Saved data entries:
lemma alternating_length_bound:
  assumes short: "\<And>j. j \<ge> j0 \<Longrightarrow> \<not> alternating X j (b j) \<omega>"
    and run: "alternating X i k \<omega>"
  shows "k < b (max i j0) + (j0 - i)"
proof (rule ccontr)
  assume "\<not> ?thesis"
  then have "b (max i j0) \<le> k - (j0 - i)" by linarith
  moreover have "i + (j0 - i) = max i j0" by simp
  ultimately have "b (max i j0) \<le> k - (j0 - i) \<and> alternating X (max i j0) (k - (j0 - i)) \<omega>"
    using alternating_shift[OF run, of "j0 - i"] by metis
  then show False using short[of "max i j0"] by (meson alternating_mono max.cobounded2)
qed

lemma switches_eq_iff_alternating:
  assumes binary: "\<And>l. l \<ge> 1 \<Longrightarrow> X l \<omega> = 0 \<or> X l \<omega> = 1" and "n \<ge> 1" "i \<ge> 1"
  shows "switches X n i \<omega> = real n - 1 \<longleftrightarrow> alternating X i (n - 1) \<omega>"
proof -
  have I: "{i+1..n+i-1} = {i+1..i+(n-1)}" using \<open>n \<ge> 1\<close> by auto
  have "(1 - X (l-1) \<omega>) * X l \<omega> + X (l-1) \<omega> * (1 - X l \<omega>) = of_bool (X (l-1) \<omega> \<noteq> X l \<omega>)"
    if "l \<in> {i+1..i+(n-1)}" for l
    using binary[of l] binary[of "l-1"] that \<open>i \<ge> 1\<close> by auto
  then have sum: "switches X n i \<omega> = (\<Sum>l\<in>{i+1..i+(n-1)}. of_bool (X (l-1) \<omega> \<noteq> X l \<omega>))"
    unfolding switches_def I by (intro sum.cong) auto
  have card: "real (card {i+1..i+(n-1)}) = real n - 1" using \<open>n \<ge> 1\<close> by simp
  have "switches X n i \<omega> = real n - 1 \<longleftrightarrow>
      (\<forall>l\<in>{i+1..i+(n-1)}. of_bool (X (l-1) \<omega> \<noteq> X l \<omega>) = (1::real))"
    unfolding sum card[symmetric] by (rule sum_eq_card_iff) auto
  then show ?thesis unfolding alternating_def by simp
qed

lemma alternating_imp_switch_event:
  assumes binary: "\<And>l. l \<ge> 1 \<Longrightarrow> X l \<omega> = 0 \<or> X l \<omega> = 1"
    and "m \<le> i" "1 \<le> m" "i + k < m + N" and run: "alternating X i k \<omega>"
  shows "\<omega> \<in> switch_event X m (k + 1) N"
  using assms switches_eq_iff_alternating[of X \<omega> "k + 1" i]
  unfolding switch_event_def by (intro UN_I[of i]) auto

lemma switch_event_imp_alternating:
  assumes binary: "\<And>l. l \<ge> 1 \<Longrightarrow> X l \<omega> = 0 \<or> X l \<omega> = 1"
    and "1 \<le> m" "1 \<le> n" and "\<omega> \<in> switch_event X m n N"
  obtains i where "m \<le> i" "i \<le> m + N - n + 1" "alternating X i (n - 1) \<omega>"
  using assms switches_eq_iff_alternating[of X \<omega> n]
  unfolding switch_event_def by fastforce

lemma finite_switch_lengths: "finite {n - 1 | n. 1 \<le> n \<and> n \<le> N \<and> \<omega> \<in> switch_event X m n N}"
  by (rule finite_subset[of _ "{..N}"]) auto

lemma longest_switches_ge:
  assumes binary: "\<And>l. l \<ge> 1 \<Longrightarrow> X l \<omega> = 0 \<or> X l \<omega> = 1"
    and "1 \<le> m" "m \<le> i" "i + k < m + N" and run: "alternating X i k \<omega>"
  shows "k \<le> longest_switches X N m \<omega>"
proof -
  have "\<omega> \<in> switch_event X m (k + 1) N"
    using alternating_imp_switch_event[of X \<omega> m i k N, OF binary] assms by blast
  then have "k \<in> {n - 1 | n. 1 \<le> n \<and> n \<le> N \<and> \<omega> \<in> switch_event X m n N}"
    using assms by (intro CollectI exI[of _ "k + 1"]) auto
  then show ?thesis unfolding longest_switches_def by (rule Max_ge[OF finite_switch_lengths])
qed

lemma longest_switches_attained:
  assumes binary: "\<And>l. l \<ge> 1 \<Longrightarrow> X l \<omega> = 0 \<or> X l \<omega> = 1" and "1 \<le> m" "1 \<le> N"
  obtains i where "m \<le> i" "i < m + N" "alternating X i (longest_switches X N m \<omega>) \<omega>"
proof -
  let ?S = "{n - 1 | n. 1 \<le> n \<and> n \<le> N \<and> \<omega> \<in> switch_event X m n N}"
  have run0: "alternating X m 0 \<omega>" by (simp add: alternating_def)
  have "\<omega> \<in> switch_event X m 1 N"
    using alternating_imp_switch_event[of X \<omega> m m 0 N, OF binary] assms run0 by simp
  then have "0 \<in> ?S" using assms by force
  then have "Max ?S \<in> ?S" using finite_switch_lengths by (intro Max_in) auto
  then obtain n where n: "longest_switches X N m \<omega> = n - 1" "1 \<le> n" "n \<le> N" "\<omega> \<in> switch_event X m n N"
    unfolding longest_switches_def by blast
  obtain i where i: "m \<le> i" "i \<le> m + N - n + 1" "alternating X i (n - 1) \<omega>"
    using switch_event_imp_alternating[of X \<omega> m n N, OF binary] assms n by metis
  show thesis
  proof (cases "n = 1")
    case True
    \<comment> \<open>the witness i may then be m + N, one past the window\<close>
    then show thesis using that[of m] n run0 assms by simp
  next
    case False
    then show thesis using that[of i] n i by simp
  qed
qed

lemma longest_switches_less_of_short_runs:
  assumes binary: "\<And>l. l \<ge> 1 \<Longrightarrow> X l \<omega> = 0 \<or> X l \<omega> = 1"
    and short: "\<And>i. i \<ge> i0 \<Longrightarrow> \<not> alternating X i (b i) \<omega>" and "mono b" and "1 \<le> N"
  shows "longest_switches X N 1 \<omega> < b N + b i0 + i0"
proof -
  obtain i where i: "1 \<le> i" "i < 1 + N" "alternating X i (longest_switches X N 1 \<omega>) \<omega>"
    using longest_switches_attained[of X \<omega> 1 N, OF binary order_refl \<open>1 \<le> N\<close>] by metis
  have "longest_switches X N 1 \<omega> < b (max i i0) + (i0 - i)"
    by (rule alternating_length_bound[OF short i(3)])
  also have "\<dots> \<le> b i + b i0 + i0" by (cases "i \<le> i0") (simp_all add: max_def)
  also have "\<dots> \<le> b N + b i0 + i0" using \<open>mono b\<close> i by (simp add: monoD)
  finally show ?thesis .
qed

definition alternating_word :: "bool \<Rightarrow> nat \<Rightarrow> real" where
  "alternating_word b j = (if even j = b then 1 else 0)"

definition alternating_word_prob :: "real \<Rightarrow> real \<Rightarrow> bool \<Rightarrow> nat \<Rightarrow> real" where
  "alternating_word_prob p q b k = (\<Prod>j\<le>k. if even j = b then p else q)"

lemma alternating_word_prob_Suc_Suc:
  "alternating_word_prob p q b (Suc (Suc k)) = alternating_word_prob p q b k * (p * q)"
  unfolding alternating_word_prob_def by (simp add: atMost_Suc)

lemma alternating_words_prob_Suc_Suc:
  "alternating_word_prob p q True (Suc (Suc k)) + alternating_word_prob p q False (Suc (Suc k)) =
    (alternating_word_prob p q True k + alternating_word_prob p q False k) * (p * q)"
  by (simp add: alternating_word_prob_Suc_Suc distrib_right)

Task requirements: If a line in the data holds the string "where", copy that line.

Task answer:
  obtains i where "m \<le> i" "i \<le> m + N - n + 1" "alternating X i (n - 1) \<omega>"
  obtains i where "m \<le> i" "i < m + N" "alternating X i (longest_switches X N m \<omega>) \<omega>"
  then obtain n where n: "longest_switches X N m \<omega> = n - 1" "1 \<le> n" "n \<le> N" "\<omega> \<in> switch_event X m n N"
  obtain i where i: "m \<le> i" "i \<le> m + N - n + 1" "alternating X i (n - 1) \<omega>"
  obtain i where i: "1 \<le> i" "i < 1 + N" "alternating X i (longest_switches X N 1 \<omega>) \<omega>"
definition alternating_word :: "bool \<Rightarrow> nat \<Rightarrow> real" where
definition alternating_word_prob :: "real \<Rightarrow> real \<Rightarrow> bool \<Rightarrow> nat \<Rightarrow> real" where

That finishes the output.